Il valore limite di esposizione (VLE) per la silice cristallina respirabile (quarzo) è fissato a 0,1 mg/m³ come media ponderata su 8 ore (TWA) dalla Direttiva europea 2017/164/UE. Per la cristobalite il limite è 0,05 mg/m³. Questi valori si riferiscono alla frazione respirabile (particelle con diametro aerodinamico ≤ 4 µm che raggiungono gli alveoli polmonari), non alla polvere totale.
In quali settori si è più esposti alla silice cristallina?
I settori con maggiore rischio di esposizione a silice cristallina respirabile sono: lavorazione della pietra naturale e artificiale (specialmente agglomerati di quarzo con SiO₂ > 90%), costruzioni e demolizioni (taglio di calcestruzzo e muratura), ceramica e laterizi, fonderie, estrazione mineraria e cave. Negli ultimi anni è emerso un rischio molto elevato per i lavoratori che tagliano e levigano piani cucina e rivestimenti in quarzo agglomerato, con casi di silicosi accelerata anche in soggetti giovani.
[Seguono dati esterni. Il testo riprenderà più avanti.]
lemma abs_exp_diff_le:
  fixes a b M :: real
  assumes "a \<le> M" "b \<le> M"
  shows "\<bar>exp a - exp b\<bar> \<le> \<bar>a - b\<bar> * exp M"
proof -
  have *: "exp v - exp u \<le> (v - u) * exp M" if "u \<le> v" "v \<le> M" for u v :: real
  proof -
    have "exp v - exp u = exp v * (1 - exp (u - v))"
      by (simp add: algebra_simps exp_diff)
    also have "\<dots> \<le> exp v * (v - u)"
      using exp_ge_add_one_self[of "u - v"] by (intro mult_left_mono) (auto simp: algebra_simps)
    also have "\<dots> \<le> exp M * (v - u)"
      using that by (intro mult_right_mono) auto
    finally show ?thesis by (simp add: mult.commute)
  qed
  show ?thesis
    using *[of a b] *[of b a] assms by (cases "a \<le> b") (auto simp: abs_if)
qed

lemma abs_logistic_weight_minus_one_le:
  fixes u :: real
  shows "\<bar>2 / (1 + exp (- u)) - 1\<bar> \<le> \<bar>u\<bar>"
proof -
  have denom_pos: "0 < 1 + exp (- u)"
    by (simp add: add_pos_pos)
  have "\<bar>exp 0 - exp (- u)\<bar> \<le> \<bar>u\<bar> * exp (max 0 (- u))"
    using abs_exp_diff_le[of 0 "max 0 (- u)" "- u"] by simp
  also have "\<dots> \<le> \<bar>u\<bar> * (1 + exp (- u))"
    by (intro mult_left_mono) (auto simp: max_def)
  finally have "\<bar>1 - exp (- u)\<bar> \<le> \<bar>u\<bar> * (1 + exp (- u))"
    by simp
  moreover have "2 / (1 + exp (- u)) - 1 = (1 - exp (- u)) / (1 + exp (- u))"
    using denom_pos by (simp add: field_simps)
  ultimately show ?thesis
    using denom_pos by (simp add: abs_div divide_le_eq)
qed

lemma normal_density_shift_diff_le:
  fixes \<mu> m y \<sigma> :: real
  assumes \<sigma>: "0 < \<sigma>" and m: "\<bar>m\<bar> \<le> 1"
  shows "\<bar>normal_density (\<mu> + m) \<sigma> y - normal_density \<mu> \<sigma> y\<bar>
    \<le> \<bar>m\<bar> * (sqrt 2 * exp (1 / (2 * \<sigma>\<^sup>2)) / (2 * \<sigma>\<^sup>2))
        * ((2 * \<bar>y - \<mu>\<bar> + 1) * normal_density \<mu> (sqrt 2 * \<sigma>) y)"
proof -
  define z where "z = y - \<mu>"
  define a where "a = - (z - m)\<^sup>2 / (2 * \<sigma>\<^sup>2)"
  define b where "b = - z\<^sup>2 / (2 * \<sigma>\<^sup>2)"
  \<comment> \<open>Both exponents are at most \<open>M\<close> since \<open>(z - m)\<^sup>2 \<ge> z\<^sup>2/2 - 1\<close>, and \<open>exp M\<close> is again a
      Gaussian in \<open>z\<close>, of variance \<open>2\<sigma>\<^sup>2\<close>: this absorbs the factor \<open>2|z| + 1\<close>.\<close>
  define M where "M = 1 / (2 * \<sigma>\<^sup>2) - z\<^sup>2 / (4 * \<sigma>\<^sup>2)"
  have s2: "0 < \<sigma>\<^sup>2" using \<sigma> by simp
  have "m\<^sup>2 \<le> 1" using m by (simp add: abs_square_le_1)
  moreover have "2 * (z - m)\<^sup>2 - (z\<^sup>2 - 2) = (z - 2 * m)\<^sup>2 + 2 * (1 - m\<^sup>2)"
    by (simp add: power2_eq_square algebra_simps)
  ultimately have "z\<^sup>2 - 2 \<le> 2 * (z - m)\<^sup>2"
    using zero_le_power2[of "z - 2 * m"] by (smt (verit))
  then have a_le: "a \<le> M"
    unfolding a_def M_def using s2 by (simp add: field_simps)
  have b_le: "b \<le> M"
    unfolding b_def M_def using s2 by (simp add: field_simps) (smt (verit) zero_le_power2)
  have "\<bar>m * (2 * z - m)\<bar> \<le> \<bar>m\<bar> * (2 * \<bar>z\<bar> + 1)"
    using m by (auto simp: abs_mult intro!: mult_left_mono order_trans[OF abs_triangle_ineq4])
  moreover have "a - b = m * (2 * z - m) / (2 * \<sigma>\<^sup>2)"
    unfolding a_def b_def
    by (simp add: power2_eq_square add_divide_distrib[symmetric] diff_divide_distrib[symmetric])
      (simp add: algebra_simps)
  ultimately have ab: "\<bar>a - b\<bar> \<le> \<bar>m\<bar> * (2 * \<bar>z\<bar> + 1) / (2 * \<sigma>\<^sup>2)"
    using s2 by (simp add: abs_div divide_right_mono)
  have exp_M: "exp M / sqrt (2 * pi * \<sigma>\<^sup>2) = sqrt 2 * exp (1 / (2 * \<sigma>\<^sup>2)) * normal_density \<mu> (sqrt 2 * \<sigma>) y"
    unfolding M_def z_def normal_density_def using s2
    by (simp add: exp_diff power_mult_distrib real_sqrt_mult) (simp add: field_simps exp_minus_inverse)
  have "normal_density (\<mu> + m) \<sigma> y - normal_density \<mu> \<sigma> y = (exp a - exp b) / sqrt (2 * pi * \<sigma>\<^sup>2)"
    unfolding normal_density_def a_def b_def z_def by (simp add: algebra_simps diff_divide_distrib)
  then have "\<bar>normal_density (\<mu> + m) \<sigma> y - normal_density \<mu> \<sigma> y\<bar> = \<bar>exp a - exp b\<bar> / sqrt (2 * pi * \<sigma>\<^sup>2)"
    by (simp add: abs_div)
  also have "\<dots> \<le> \<bar>m\<bar> * (2 * \<bar>z\<bar> + 1) / (2 * \<sigma>\<^sup>2) * exp M / sqrt (2 * pi * \<sigma>\<^sup>2)"
    using order_trans[OF abs_exp_diff_le[OF a_le b_le] mult_right_mono[OF ab exp_ge_zero]]
    by (rule divide_right_mono) simp
  also have "\<dots> = \<bar>m\<bar> * (2 * \<bar>z\<bar> + 1) / (2 * \<sigma>\<^sup>2) * (sqrt 2 * exp (1 / (2 * \<sigma>\<^sup>2)) * normal_density \<mu> (sqrt 2 * \<sigma>) y)"
    unfolding exp_M[symmetric] by simp
  also have "\<dots> = \<bar>m\<bar> * (sqrt 2 * exp (1 / (2 * \<sigma>\<^sup>2)) / (2 * \<sigma>\<^sup>2))
        * ((2 * \<bar>y - \<mu>\<bar> + 1) * normal_density \<mu> (sqrt 2 * \<sigma>) y)"
    by (simp add: z_def ac_simps)
  finally show ?thesis .
qed
lemma lipschitz_on_interval_if_continuous_deriv:
  fixes h h' :: "real \<Rightarrow> real"
  assumes "\<And>x. x \<in> {a..b} \<Longrightarrow> (h has_real_derivative h' x) (at x)"
    and "continuous_on {a..b} h'"
  shows "\<exists>K. K-lipschitz_on {a..b} h"
proof -
  have "bounded (h' ` {a..b})"
    by (intro compact_imp_bounded compact_continuous_image assms(2) compact_Icc)
  then obtain K where "\<forall>y\<in>h' ` {a..b}. norm y \<le> K"
    unfolding bounded_iff by blast
  hence K: "\<And>x. x \<in> {a..b} \<Longrightarrow> \<bar>h' x\<bar> \<le> K" by simp
  have "(max K 0)-lipschitz_on {a..b} h"
  proof (rule bounded_derivative_imp_lipschitz)
    fix x assume x: "x \<in> {a..b}"
    show "(h has_derivative (*) (h' x)) (at x within {a..b})"
      by (rule has_field_derivative_imp_has_derivative[OF has_field_derivative_at_within[OF assms(1)[OF x]]])
    show "onorm ((*) (h' x)) \<le> max K 0"
      by (rule onorm_le) (use K[OF x] in \<open>auto simp: abs_mult intro: mult_right_mono\<close>)
  qed auto
  thus ?thesis by blast
qed

lemma lipschitz_on_interval_exp: "\<exists>K. K-lipschitz_on {a..b} (exp :: real \<Rightarrow> real)"
  by (rule lipschitz_on_interval_if_continuous_deriv[where h' = exp])
    (auto intro: DERIV_exp continuous_on_exp continuous_on_id)

lemma lipschitz_on_interval_cosh: "\<exists>K. K-lipschitz_on {a..b} (cosh :: real \<Rightarrow> real)"
  by (rule lipschitz_on_interval_if_continuous_deriv[where h' = sinh])
    (auto intro!: derivative_eq_intros continuous_on_sinh continuous_on_id)

lemma lipschitz_on_interval_sinh: "\<exists>K. K-lipschitz_on {a..b} (sinh :: real \<Rightarrow> real)"
  by (rule lipschitz_on_interval_if_continuous_deriv[where h' = cosh])
    (auto intro!: derivative_eq_intros continuous_on_cosh continuous_on_id)

lemma lipschitz_on_interval_inverse:
  "0 < a \<Longrightarrow> \<exists>K. K-lipschitz_on {a..b} (inverse :: real \<Rightarrow> real)"
  by (rule lipschitz_on_interval_if_continuous_deriv[where h' = "\<lambda>x. - (inverse x * inverse x)"])
    (auto intro!: derivative_eq_intros continuous_on_minus continuous_on_mult
      continuous_on_inverse continuous_on_id)

lemma lipschitz_on_interval_arcosh:
  "1 < a \<Longrightarrow> \<exists>K. K-lipschitz_on {a..b} (arcosh :: real \<Rightarrow> real)"
  by (rule lipschitz_on_interval_if_continuous_deriv[where h' = "\<lambda>x. 1 / sqrt (x\<^sup>2 - 1)"])
    (auto intro!: arcosh_real_has_field_derivative continuous_on_divide continuous_on_const
      continuous_on_real_sqrt continuous_on_diff continuous_on_power continuous_on_id
      simp: power2_eq_1_iff)

section \<open>Global flows of a bounded nonnegative locally Lipschitz field\<close>

text \<open>The 0 keeps the maximum well defined when the index set is empty.\<close>

definition sup_dist :: "'i set \<Rightarrow> ('i \<Rightarrow> real) \<Rightarrow> ('i \<Rightarrow> real) \<Rightarrow> real" where
  "sup_dist I u v = Max (insert 0 ((\<lambda>j. \<bar>u j - v j\<bar>) ` I))"

definition nonneg_box :: "'i set \<Rightarrow> real \<Rightarrow> ('i \<Rightarrow> real) set" where
  "nonneg_box I K = {v. \<forall>j\<in>I. 0 \<le> v j \<and> v j \<le> K}"

lemma sup_dist_ge: "finite I \<Longrightarrow> j \<in> I \<Longrightarrow> \<bar>u j - v j\<bar> \<le> sup_dist I u v"
  unfolding sup_dist_def by (intro Max_ge) auto

lemma sup_dist_nonneg: "finite I \<Longrightarrow> 0 \<le> sup_dist I u v"
  unfolding sup_dist_def by (intro Max_ge) auto

lemma sup_dist_le:
  "finite I \<Longrightarrow> 0 \<le> c \<Longrightarrow> (\<And>j. j \<in> I \<Longrightarrow> \<bar>u j - v j\<bar> \<le> c) \<Longrightarrow> sup_dist I u v \<le> c"
  unfolding sup_dist_def by (intro Max.boundedI) auto

lemma bounded_lipschitz_on_coordinate:
  assumes "finite I" "j \<in> I"
  shows "bounded_lipschitz_on (sup_dist I) (nonneg_box I K) (\<lambda>v. v j)"
  by (rule bounded_lipschitz_onI[where L = 1 and C = K])
    (use assms sup_dist_ge in \<open>auto simp: nonneg_box_def\<close>)

lemma integral_increment_bounds:
  fixes g :: "real \<Rightarrow> real"
  assumes cont: "continuous_on {0..t} g" and bounds: "\<And>x. x \<in> {0..t} \<Longrightarrow> 0 \<le> g x \<and> g x \<le> B"
    and st: "0 \<le> s" "s \<le> t"
  shows "0 \<le> integral {0..t} g - integral {0..s} g \<and> integral {0..t} g - integral {0..s} g \<le> B * (t - s)"
proof -
  have int: "g integrable_on {0..t}" using cont by (rule integrable_continuous_real)
  have "integral {0..s} g + integral {s..t} g = integral {0..t} g"
    by (rule Henstock_Kurzweil_Integration.integral_combine) (use st int in auto)
  moreover have int': "g integrable_on {s..t}"
    by (rule integrable_subinterval_real[OF int]) (use st in auto)
  hence "0 \<le> integral {s..t} g" using bounds st by (intro integral_nonneg) auto
  moreover have "integral {s..t} g \<le> integral {s..t} (\<lambda>_. B)"
    using int' bounds st by (intro integral_le) auto
  ultimately show ?thesis using st by (simp add: mult.commute)
qed

lemma integral_monomial:
  fixes t c :: real
  assumes "0 \<le> t"
  shows "integral {0..t} (\<lambda>s. c * s ^ m) = c * t ^ Suc m / Suc m"
proof -
  have "((\<lambda>s. c * s ^ m) has_integral c * t ^ Suc m / Suc m - c * 0 ^ Suc m / Suc m) {0..t}"
  proof (rule fundamental_theorem_of_calculus)
    fix x assume "x \<in> {0..t}"
    have "((\<lambda>s. c * s ^ Suc m / Suc m) has_real_derivative c * (Suc m * x ^ m) / Suc m) (at x within {0..t})"
      by (intro derivative_eq_intros) auto
    thus "((\<lambda>s. c * s ^ Suc m / Suc m) has_vector_derivative c * x ^ m) (at x within {0..t})"
      by (simp add: has_real_derivative_iff_has_vector_derivative)
  qed (use assms in auto)
  hence "((\<lambda>s. c * s ^ m) has_integral c * t ^ Suc m / Suc m) {0..t}" by simp
  thus ?thesis by (rule integral_unique)
qed

lemma increment_ge_of_deriv_ge:
  fixes f :: "real \<Rightarrow> real"
  assumes "a \<le> b" "continuous_on {a..b} f"
    and "\<And>x. a < x \<Longrightarrow> x < b \<Longrightarrow> \<exists>y. (f has_real_derivative y) (at x) \<and> \<delta> \<le> y"
  shows "\<delta> * (b - a) \<le> f b - f a"
proof -
  have "f a - \<delta> * a \<le> f b - \<delta> * b"
  proof (rule DERIV_nonneg_imp_increasing_open[OF assms(1)])
    fix x assume "a < x" "x < b"
    then obtain y where "(f has_real_derivative y) (at x)" "\<delta> \<le> y" using assms(3) by blast
    thus "\<exists>y. ((\<lambda>x. f x - \<delta> * x) has_real_derivative y) (at x) \<and> 0 \<le> y"
      by (intro exI[of _ "y - \<delta>"]) (auto intro!: derivative_eq_intros)
  qed (intro continuous_intros assms(2))
  thus ?thesis by (simp add: algebra_simps)
qed

locale nonneg_bounded_field =
  fixes I :: "'i set" and G :: "('i \<Rightarrow> real) \<Rightarrow> 'i \<Rightarrow> real" and M :: real
  assumes finite_index: "finite I"
    and bound_nonneg: "0 \<le> M"
    and field_bounds: "\<And>v i. \<forall>j\<in>I. 0 \<le> v j \<Longrightarrow> i \<in> I \<Longrightarrow> 0 \<le> G v i \<and> G v i \<le> M"
    and field_lipschitz: "\<And>K i. i \<in> I \<Longrightarrow> bounded_lipschitz_on (sup_dist I) (nonneg_box I K) (\<lambda>v. G v i)"
begin

definition horizon_lipschitz :: "real \<Rightarrow> real \<Rightarrow> bool" where
  "horizon_lipschitz T L \<longleftrightarrow> 0 \<le> L \<and>
     (\<forall>i\<in>I. \<forall>u\<in>nonneg_box I (M * T). \<forall>v\<in>nonneg_box I (M * T). \<bar>G u i - G v i\<bar> \<le> L * sup_dist I u v)"

lemma horizon_lipschitz_exists: "\<exists>L. horizon_lipschitz T L"
proof -
  have "\<forall>i\<in>I. \<exists>L. \<forall>u\<in>nonneg_box I (M * T). \<forall>v\<in>nonneg_box I (M * T).
      \<bar>G u i - G v i\<bar> \<le> L * sup_dist I u v"
    using field_lipschitz unfolding bounded_lipschitz_on_def by blast
  then obtain Lf where Lf: "\<forall>i\<in>I. \<forall>u\<in>nonneg_box I (M * T). \<forall>v\<in>nonneg_box I (M * T).
      \<bar>G u i - G v i\<bar> \<le> Lf i * sup_dist I u v"
    by (rule bchoice[elim_format]) blast
  have "\<bar>G u i - G v i\<bar> \<le> (\<Sum>j\<in>I. \<bar>Lf j\<bar>) * sup_dist I u v"
    if "i \<in> I" "u \<in> nonneg_box I (M * T)" "v \<in> nonneg_box I (M * T)" for i u v
  proof -
    have "Lf i \<le> (\<Sum>j\<in>I. \<bar>Lf j\<bar>)"
      using that finite_index member_le_sum[of i I "\<lambda>j. \<bar>Lf j\<bar>"] by fastforce
    hence "Lf i * sup_dist I u v \<le> (\<Sum>j\<in>I. \<bar>Lf j\<bar>) * sup_dist I u v"
      using sup_dist_nonneg[OF finite_index] by (rule mult_right_mono)
    thus ?thesis using Lf that by fastforce
  qed
  thus ?thesis unfolding horizon_lipschitz_def by (intro exI[of _ "\<Sum>j\<in>I. \<bar>Lf j\<bar>"]) (auto simp: sum_nonneg)
qed

definition climbing :: "(real \<Rightarrow> 'i \<Rightarrow> real) \<Rightarrow> bool" where
  "climbing Q \<longleftrightarrow> (\<forall>j\<in>I. Q 0 j = 0) \<and>
     (\<forall>s t. \<forall>j\<in>I. 0 \<le> s \<longrightarrow> s \<le> t \<longrightarrow> 0 \<le> Q t j - Q s j \<and> Q t j - Q s j \<le> M * (t - s))"

lemma climbing_in_box:
  assumes "climbing Q" "0 \<le> s" "s \<le> T"
  shows "Q s \<in> nonneg_box I (M * T)"
proof -
  have "0 \<le> Q s j \<and> Q s j \<le> M * s" if "j \<in> I" for j
    using assms that unfolding climbing_def by force
  moreover have "M * s \<le> M * T" using bound_nonneg assms by (intro mult_left_mono)
  ultimately show ?thesis unfolding nonneg_box_def by force
qed

lemma climbing_sup_dist:
  assumes "climbing Q" "0 \<le> s" "0 \<le> t"
  shows "sup_dist I (Q s) (Q t) \<le> M * \<bar>s - t\<bar>"
proof (rule sup_dist_le[OF finite_index])
  show "0 \<le> M * \<bar>s - t\<bar>" using bound_nonneg by simp
  fix j assume "j \<in> I"
  hence incr: "0 \<le> Q b j - Q a j \<and> Q b j - Q a j \<le> M * (b - a)" if "0 \<le> a" "a \<le> b" for a b
    using assms(1) that unfolding climbing_def by blast
  show "\<bar>Q s j - Q t j\<bar> \<le> M * \<bar>s - t\<bar>"
    using incr[of s t] incr[of t s] assms(2,3) by (cases "s \<le> t") (auto simp: abs_if)
qed

lemma climbing_field_bounds:
  "climbing Q \<Longrightarrow> 0 \<le> s \<Longrightarrow> i \<in> I \<Longrightarrow> 0 \<le> G (Q s) i \<and> G (Q s) i \<le> M"
  using climbing_in_box[of Q s s] by (intro field_bounds) (auto simp: nonneg_box_def)

lemma climbing_field_continuous:
  assumes "climbing Q" "i \<in> I"
  shows "continuous_on {0..T} (\<lambda>s. G (Q s) i)"
proof -
  obtain L where L: "horizon_lipschitz T L" using horizon_lipschitz_exists by blast
  have "(L * M)-lipschitz_on {0..T} (\<lambda>s. G (Q s) i)"
  proof (rule lipschitz_onI)
    fix s t assume st: "s \<in> {0..T}" "t \<in> {0..T}"
    have "\<bar>G (Q s) i - G (Q t) i\<bar> \<le> L * sup_dist I (Q s) (Q t)"
      using L assms(2) climbing_in_box[OF assms(1)] st unfolding horizon_lipschitz_def by auto
    also have "\<dots> \<le> L * (M * \<bar>s - t\<bar>)"
      using climbing_sup_dist[OF assms(1)] st L unfolding horizon_lipschitz_def
      by (intro mult_left_mono) auto
    finally show "dist (G (Q s) i) (G (Q t) i) \<le> L * M * dist s t"
      by (simp add: dist_real_def mult_ac)
  qed (use L bound_nonneg in \<open>auto simp: horizon_lipschitz_def\<close>)
  thus ?thesis by (rule lipschitz_on_continuous_on)
qed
Quali DPI respiratori sono adeguati per la protezione dalla silice cristallina?
Per la protezione dalla silice cristallina si utilizzano dispositivi di protezione delle vie respiratorie (DPIVRE) con efficienza filtrante almeno P3 (≥ 99,95% di efficienza per particelle respirabili). Le opzioni includono: facciali filtranti monouso FFP3 (per esposizioni non molto superiori al VLE), semimaschere o maschere intere con filtro P3 sostituibile, sistemi motorizzati filtranti (PAPR) con filtro P3, o autorespiratori e sistemi ad adduzione d'aria per le esposizioni più elevate. Il tipo di DPI si sceglie in base al fattore di protezione assegnato e al livello di esposizione misurato.